今、響君のために何もする事ができない自分の無力感と後悔に苛まれて、肩を震わせて嗚咽に耐える姿が酷く滑稽に映り
そんな私に向けて、私は口を開いた。
「‥私が‥一人で‥階段から落ちていれば良かったのに」
気がつくと、警察の人はいなくなっていた。
お父さんが背中をさすってくれている。
「‥もう、大丈夫」
立ち上がり、歩き出そうとしたらよろめいてしまい、お父さんに肩を支えられながら病室へ戻ると、お母さんにさっきまで早苗さんが来ていたと聞いた。
響君の治療と検査が終わって病室に移されたと聞いて私は病室の場所を聞き、付き添おうとするお父さんとお母さんに一人で行きたいと告げてすぐに駆け出した。
響君の病室の前についてノックをする。
動悸が止まらない。
手をギュッと握ると汗をぐっしょりとかいていた。
「どうぞ」
と、早苗さんの声が聞こえて病室の扉を開く。
早苗さんがベッドの隣の椅子に座っている。
ベッドを見ると、そこには、
目を閉じた響君が寝かされていて、頭には包帯が巻かれていて‥‥
その姿を見た私は、自分の身体から血の気が引いていくのが分かった。
力が抜けて立っていられなくなり、膝から床に崩れ落ち、
「ごめんなさい、ごめんなさい、ごめんなさい、ごめんなさい、ごめっ‥っ‥さ‥い‥わだじのせいで、ひびぎぐんが‥っ‥ごめ‥っなさい」
と、目から零れるものを拭う事もせずに、そのまま土下座するように響君と早苗さんに謝り続ける事しかできなかった。

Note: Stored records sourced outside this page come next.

lemma prob_N1_V:
  assumes A: "A \<in> sets borel"
  shows "prob {\<omega> \<in> space M. real (N1 \<omega>) \<in> A \<and> u < V k \<omega>}
       = prob {\<omega> \<in> space M. real (N1 \<omega>) \<in> A} * laws.tail k u"
proof -
  have "prob ((\<lambda>x. (real (N1 x), V k x)) -` (A \<times> {u<..}) \<inter> space M) =
      prob ((\<lambda>\<omega>. real (N1 \<omega>)) -` A \<inter> space M) * prob (V k -` {u<..} \<inter> space M)"
    by (rule indep_varD[OF indep_N1_V A]) simp
  then show ?thesis unfolding prob_V_gt[symmetric]
    by (simp add: vimage_def Int_def conj_commute)
qed

lemma prob_N1_eq_V: "prob {\<omega> \<in> space M. N1 \<omega> = k \<and> u < V k \<omega>} = poisson_prob l k * laws.tail k u"
  using prob_N1_V[of "{real k}" u k] prob_N1_eq[of k] by simp

lemma prob_N1_ge_V:
  "prob {\<omega> \<in> space M. k \<le> N1 \<omega> \<and> u < V k \<omega>} = (1 - (\<Sum>j<k. poisson_prob l j)) * laws.tail k u"
  using prob_N1_V[of "{real k..}" u k] prob_N1_ge[of k] by simp


definition Den :: "real \<Rightarrow> real" where
  "Den u = prob {\<omega> \<in> space M. u < B \<omega> + compound_poisson T X 1 \<omega>}"

definition Num :: "real \<Rightarrow> real" where
  "Num u = prob {\<omega> \<in> space M. u < B \<omega> + (SUP t\<in>{0..1}. compound_poisson T X t \<omega>)}"
lemma pred_mult_div_eq:
  fixes a d :: nat
  assumes "1 \<le> a" and "1 \<le> d"
  shows "(d * a - 1) div d = a - 1"
proof (rule div_nat_eqI)
  have "d * (a - 1) = d * a - d" by (simp add: diff_mult_distrib2)
  then show "d * (a - 1) \<le> d * a - 1" using assms by linarith
  have "d * Suc (a - 1) = d * a" using assms by simp
  then show "d * a - 1 < d * Suc (a - 1)" using assms by (simp add: Suc_le_eq)
qed

lemma dyadic_index_one: "dyadic_index l 1 = 2^l - 1"
  unfolding dyadic_index_def
  by (simp add: min_def nat_diff_distrib' del: of_int_power)
     (metis floor_of_nat nat_int of_nat_numeral of_nat_power)

lemma dyadic_index_coarsen:
  assumes y: "0 \<le> y" "y \<le> 1" and ll: "l \<le> l'"
  shows "dyadic_index l y = dyadic_index l' y div 2^(l'-l)"
proof (cases "y = 1")
  case True
  have e: "(2::nat)^l' = 2^(l'-l) * 2^l" using ll by (simp add: power_add[symmetric])
  have "(2^(l'-l) * 2^l - 1) div 2^(l'-l) = (2^l - 1 :: nat)"
    by (rule pred_mult_div_eq) simp_all
  then show ?thesis using True by (simp add: dyadic_index_one e)
next
  case False
  then have y1: "y < 1" using y by simp
  have floor_le: "\<lfloor>y * 2^k\<rfloor> \<le> 2^k - 1" for k :: nat
  proof -
    have "y * 2^k < 2^k" using y1 by simp
    then have "\<lfloor>y * 2^k\<rfloor> < 2^k" by (metis floor_less_iff of_int_numeral of_int_power)
    then show ?thesis by simp
  qed
  have index_eq: "dyadic_index k y = nat \<lfloor>y * 2^k\<rfloor>" for k
    unfolding dyadic_index_def using floor_le[of k] by (simp add: min_def)
  have e: "(2::real)^l' = 2^(l'-l) * 2^l" using ll by (simp add: power_add[symmetric])
  have "y * 2^l = y * 2^l' / real_of_int (2^(l'-l))" by (simp add: e)
  then have "\<lfloor>y * 2^l\<rfloor> = \<lfloor>y * 2^l'\<rfloor> div 2^(l'-l)"
    using floor_divide_real_eq_div[of "2^(l'-l)" "y * 2^l'"] by simp
  moreover have "\<lfloor>y * 2^l'\<rfloor> \<ge> 0" using y by simp
  ultimately show ?thesis unfolding index_eq by (simp add: nat_div_distrib nat_power_eq)
qed
(* Let $n$ be even, $F\colon\mathbb F_2^n\to\mathbb F_2^n$ a quadratic APN function, and $\mathcal V_F=\{V_b\colon b\in\mathbb F_2^n\setminus\{0\},\ \dim(V_b)\ge 1\}$. Then for every $b\in\mathbb F_2^n\setminus\{0\}$ the component $F_b$ has amplitude $2^{\frac{n+\dim(V_b)}{2}}$. In particular, if $F$ has amplitude distribution $[0^{k_0},2^{k_2},\dots,(n-2)^{k_{n-2}},n^{k_n}]$, then $\mathcal V_F$ is a vector space partition of $\mathbb F_2^n$ of type $[2^{k_2},\dots,(n-2)^{k_{n-2}},n^{k_n}]$.
   Context: $\langle\cdot,\cdot\rangle$ is the standard dot product. $F$ is APN if for every $a\neq0$ and every $c$, $F(x)+F(x+a)=c$ has at most 2 solutions; $F$ is quadratic if each component $F_b(x)=\langle b,F(x)\rangle$ is a quadratic form plus an affine function. Walsh transform: $W_F(b,a)=\sum_{x\in\mathbb F_2^n}(-1)^{F_b(x)+\langle x,a\rangle}$. For quadratic $F$ and fixed $b$ there is $0\le k\le n$ with $|W_F(b,a)|\in\{0,2^{(n+k)/2}\}$ for all $a$ (the nonzero value attained); $2^{(n+k)/2}$ is the amplitude of $F_b$. The amplitude distribution $[0^{k_0},1^{k_1},\dots,n^{k_n}]$ records that exactly $k_i$ nonzero $b$ give amplitude $2^{(n+i)/2}$. With $D_{F,a}(x)=F(x)+F(x+a)$, $H_b=\{x:\langle b,x\rangle=0\}$, $\overline{H_b}=\{x:\langle b,x\rangle=1\}$: $T_b=\{a:\mathrm{Im}(D_{F,a})=H_b\}\cup\{0\}$, $\overline{T_b}=\{a:\mathrm{Im}(D_{F,a})=\overline{H_b}\}$, $V_b=T_b\cup\overline{T_b}$ (a subspace). A vector space partition of $\mathbb F_2^n$ is a set of nonzero subspaces such that each nonzero vector lies in exactly one of them; it has type $[d_1^{n_1},\dots,d_k^{n_k}]$ ($d_1<\dots<d_k$) if it contains exactly $n_i$ subspaces of dimension $d_i$. *)

theory Defs
  imports "HOL-Analysis.Analysis" "HOL-Library.Z2"
begin

text \<open>The space F_2^n is modelled as bit ^ 'n, with n = CARD('n).
  Vector space notions (subspace, dim) are those of the library interpretation
  vec: vector_space (*s) over the field bit.\<close>

type_synonym 'n f2vec = "bit ^ 'n"

definition dotp :: "'n::finite f2vec \<Rightarrow> 'n f2vec \<Rightarrow> bit" where
  "dotp a x = (\<Sum>i\<in>UNIV. a $ i * x $ i)"

definition component :: "('n::finite f2vec \<Rightarrow> 'n f2vec) \<Rightarrow> 'n f2vec \<Rightarrow> 'n f2vec \<Rightarrow> bit" where
  "component F b x = dotp b (F x)"

definition is_APN :: "('n::finite f2vec \<Rightarrow> 'n f2vec) \<Rightarrow> bool" where
  "is_APN F \<longleftrightarrow> (\<forall>a c. a \<noteq> 0 \<longrightarrow> card {x. F x + F (x + a) = c} \<le> 2)"

definition is_quadratic :: "('n::finite f2vec \<Rightarrow> 'n f2vec) \<Rightarrow> bool" where
  "is_quadratic F \<longleftrightarrow> (\<forall>b. \<exists>(q::'n \<Rightarrow> 'n \<Rightarrow> bit) (l::'n \<Rightarrow> bit) (e::bit).
      \<forall>x. component F b x = (\<Sum>i\<in>UNIV. \<Sum>j\<in>UNIV. q i j * x $ i * x $ j)
                              + (\<Sum>i\<in>UNIV. l i * x $ i) + e)"

definition walsh :: "('n::finite f2vec \<Rightarrow> 'n f2vec) \<Rightarrow> 'n f2vec \<Rightarrow> 'n f2vec \<Rightarrow> int" where
  "walsh F b a = (\<Sum>x\<in>UNIV. (-1::int) ^ (of_bit (component F b x + dotp x a) :: nat))"

definition has_amplitude :: "('n::finite f2vec \<Rightarrow> 'n f2vec) \<Rightarrow> 'n f2vec \<Rightarrow> real \<Rightarrow> bool" where
  "has_amplitude F b A \<longleftrightarrow>
     (\<forall>a. \<bar>real_of_int (walsh F b a)\<bar> \<in> {0, A}) \<and> (\<exists>a. \<bar>real_of_int (walsh F b a)\<bar> = A)"

definition amp_count :: "('n::finite f2vec \<Rightarrow> 'n f2vec) \<Rightarrow> nat \<Rightarrow> nat" where
  "amp_count F i = card {b. b \<noteq> 0 \<and> has_amplitude F b (2 powr ((real CARD('n) + real i) / 2))}"

definition derivative :: "('n::finite f2vec \<Rightarrow> 'n f2vec) \<Rightarrow> 'n f2vec \<Rightarrow> 'n f2vec \<Rightarrow> 'n f2vec" where
  "derivative F a x = F x + F (x + a)"

definition hyp :: "'n::finite f2vec \<Rightarrow> 'n f2vec set" where
  "hyp b = {x. dotp b x = 0}"

definition cohyp :: "'n::finite f2vec \<Rightarrow> 'n f2vec set" where
  "cohyp b = {x. dotp b x = 1}"

definition T_set :: "('n::finite f2vec \<Rightarrow> 'n f2vec) \<Rightarrow> 'n f2vec \<Rightarrow> 'n f2vec set" where
  "T_set F b = {a. range (derivative F a) = hyp b} \<union> {0}"

definition Tbar_set :: "('n::finite f2vec \<Rightarrow> 'n f2vec) \<Rightarrow> 'n f2vec \<Rightarrow> 'n f2vec set" where
  "Tbar_set F b = {a. range (derivative F a) = cohyp b}"

definition V_set :: "('n::finite f2vec \<Rightarrow> 'n f2vec) \<Rightarrow> 'n f2vec \<Rightarrow> 'n f2vec set" where
  "V_set F b = T_set F b \<union> Tbar_set F b"

definition V_family :: "('n::finite f2vec \<Rightarrow> 'n f2vec) \<Rightarrow> 'n f2vec set set" where
  "V_family F = {V_set F b | b. b \<noteq> 0 \<and> vec.dim (V_set F b) \<ge> 1}"

definition is_vs_partition :: "'n::finite f2vec set set \<Rightarrow> bool" where
  "is_vs_partition P \<longleftrightarrow>
     (\<forall>V\<in>P. vec.subspace V \<and> V \<noteq> {0}) \<and>
     (\<forall>x. x \<noteq> 0 \<longrightarrow> (\<exists>!V. V \<in> P \<and> x \<in> V))"

end

theory Submission
  imports Defs
begin

text \<open>
  For a component f = F_b of a quadratic F the polar form
  B(u, x) = f x + f (x + u) + f 0 + f u is bilinear. Squaring the Walsh transform
  therefore turns the inner sum into a character sum of the linear function B(u, -),
  which vanishes unless u lies in the radical of B; what remains is a character sum over
  the radical, so every nonzero value of W_F(b, -)^2 equals 2^n times the size of the
  radical, and by Parseval some value is nonzero. If F is APN, every derivative D_a F
  is two-to-one, so its image has 2^(n-1) points; for a in the radical the function
  <b, D_a F> is constant, so that image is a hyperplane or its complement, i.e. the
  radical of F_b is V_b. Finally x \<mapsto> D_a F x + D_a F 0 is linear with a two-element
  kernel, so its image is a hyperplane and exactly one nonzero b annihilates it: every
  nonzero a lies in exactly one V_b.
\<close>

declare add_bit_eq_xor[simp del] mult_bit_eq_and[simp del]

lemma UNIV_bit: "(UNIV::bit set) = {0, 1}"
  by (auto intro: bit.exhaust)

instance bit :: finite
  by standard (simp only: UNIV_bit finite.emptyI finite.insertI)

lemma card_UNIV_bit: "CARD(bit) = 2"
  unfolding UNIV_bit by simp

lemma bit_add_self [simp]: "(x::bit) + x = 0"
  by (cases x) simp_all

lemma bit_add_eq_0_iff: "(s::bit) + t = 0 \<longleftrightarrow> s = t"
  by (cases s; cases t) simp_all

lemma f2vec_add_self [simp]: "(v::bit^'n) + v = 0"
  by (simp add: vec_eq_iff)

lemma f2vec_add_cancel_right [simp]: "(v::bit^'n) + w + w = v"
  by (simp add: add.assoc)

lemma f2vec_add_eq_0_iff: "(v::bit^'n) + w = 0 \<longleftrightarrow> v = w"
  by (metis f2vec_add_cancel_right add_0)

lemma f2vec_diff_eq_add: "(v::bit^'n) - w = v + w"
  by (simp add: vec_eq_iff)

lemma inj_on_add_f2vec: "inj_on (\<lambda>v. v + w) (S :: ('n::finite f2vec) set)"
  by (rule inj_onI) (metis f2vec_add_cancel_right)

lemma bij_add_f2vec: "bij (\<lambda>v. v + (w :: 'n::finite f2vec))"
  by (rule bijI') (auto intro: exI[of _ "_ + w"])

definition chi :: "bit \<Rightarrow> int" where "chi t = (-1) ^ (of_bit t :: nat)"

lemma chi_0 [simp]: "chi 0 = 1" and chi_1 [simp]: "chi 1 = -1"
  by (simp_all add: chi_def)

lemma chi_add: "chi (s + t) = chi s * chi t"
  by (cases s; cases t) simp_all

lemma dotp_add_right: "dotp a (x + y) = dotp a x + dotp a y"
  by (simp add: dotp_def distrib_left sum.distrib)

lemma dotp_add_left: "dotp (a + b) x = dotp a x + dotp b x"
  by (simp add: dotp_def distrib_right sum.distrib)

lemma dotp_comm: "dotp a x = dotp x a"
  by (simp add: dotp_def mult.commute)

lemma dotp_0_left [simp]: "dotp 0 x = 0" and dotp_0_right [simp]: "dotp x 0 = 0"
  by (simp_all add: dotp_def)

lemma dotp_axis: "dotp (axis i 1) v = v $ i"
proof -
  have "axis i 1 $ j * v $ j = (if j = i then v $ j else 0)" for j
    by (simp add: axis_def)
  then show ?thesis by (simp add: dotp_def)
qed

lemma dotp_eq_0_all_iff: "(\<forall>b. dotp b y = 0) \<longleftrightarrow> y = 0"
  by (metis dotp_0_right dotp_axis vec_eq_iff zero_index)

lemma sum_chi_additive:
  fixes S :: "('n::finite f2vec) set" and h :: "'n f2vec \<Rightarrow> bit"
  assumes closed: "\<And>u v. u \<in> S \<Longrightarrow> v \<in> S \<Longrightarrow> u + v \<in> S"
    and additive: "\<And>u v. u \<in> S \<Longrightarrow> v \<in> S \<Longrightarrow> h (u + v) = h u + h v"
  shows "(\<Sum>u\<in>S. chi (h u)) = (if \<forall>u\<in>S. h u = 0 then int (card S) else 0)"
proof (cases "\<forall>u\<in>S. h u = 0")
  case False
  then obtain e where e: "e \<in> S" "h e = 1" by auto
  have "(\<lambda>u. u + e) ` S = S"
    using closed e by (auto intro!: image_eqI[of _ _ "_ + e"])
  then have "(\<Sum>u\<in>S. chi (h u)) = (\<Sum>u\<in>S. chi (h (u + e)))"
    using sum.reindex[OF inj_on_add_f2vec, of "\<lambda>u. chi (h u)" e S] by simp
  also have "\<dots> = - (\<Sum>u\<in>S. chi (h u))"
    by (simp add: sum_negf[symmetric] additive e chi_add)
  finally have "(\<Sum>u\<in>S. chi (h u)) = 0" by simp
  then show ?thesis by (simp only: if_not_P[OF False])
qed simp

lemma sum_chi_additive_UNIV:
  fixes h :: "('n::finite f2vec) \<Rightarrow> bit"
  assumes "\<And>u v. h (u + v) = h u + h v"
  shows "(\<Sum>u\<in>UNIV. chi (h u)) = (if \<forall>u. h u = 0 then 2 ^ CARD('n) else 0)"
  using sum_chi_additive[of UNIV h] assms by (simp add: card_UNIV_bit)

lemma sum_chi_dotp:
  "(\<Sum>b\<in>UNIV. chi (dotp b (y::'n::finite f2vec))) = (if y = 0 then 2 ^ CARD('n) else 0)"
  using sum_chi_additive_UNIV[of "\<lambda>b. dotp b y"] dotp_eq_0_all_iff[of y]
  by (simp add: dotp_add_left)

lemma ex_bit_iff: "(\<exists>k::bit. P k) \<longleftrightarrow> P 0 \<or> P 1"
  by (metis bit.exhaust)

「美麗ちゃん、頭を上げて。美麗ちゃんが謝る事なんて何にもないんだよ」
そんな私を早苗さんは抱き上げるようにして立ち上がらせると、椅子に座らせた。
俯いた私に
「美麗ちゃん」
逸らす事は許さないというように目の高さを合わせて力のこもった目で、早苗さんが私を見る。
「‥はい」
目を合わせると早苗さんは笑顔になって
「この子、階段から突き落とされた美麗ちゃんを庇ったんだってね」
そう言って、ベッドで眠っている響君の手を握った。
「まったく寝坊助なんだから。早く起きないかしら。よくやったって褒めてあげないと」
早苗さんが優しい顔を響君に向けてから、私に視線を戻す。
「だから美麗ちゃんも、響が起きたらごめんなさいじゃなくて、ありがとうって言ってあげてね」
その言葉に何も返せずに、ただ私の膝をぽたりぽたりと落ちて来る雫が濡らしてゆく。
すると、温かいものに包まれて
「響なら大丈夫だから。大丈夫」
私の涙が枯れるまで、早苗さんはずっと抱きしめてくれた。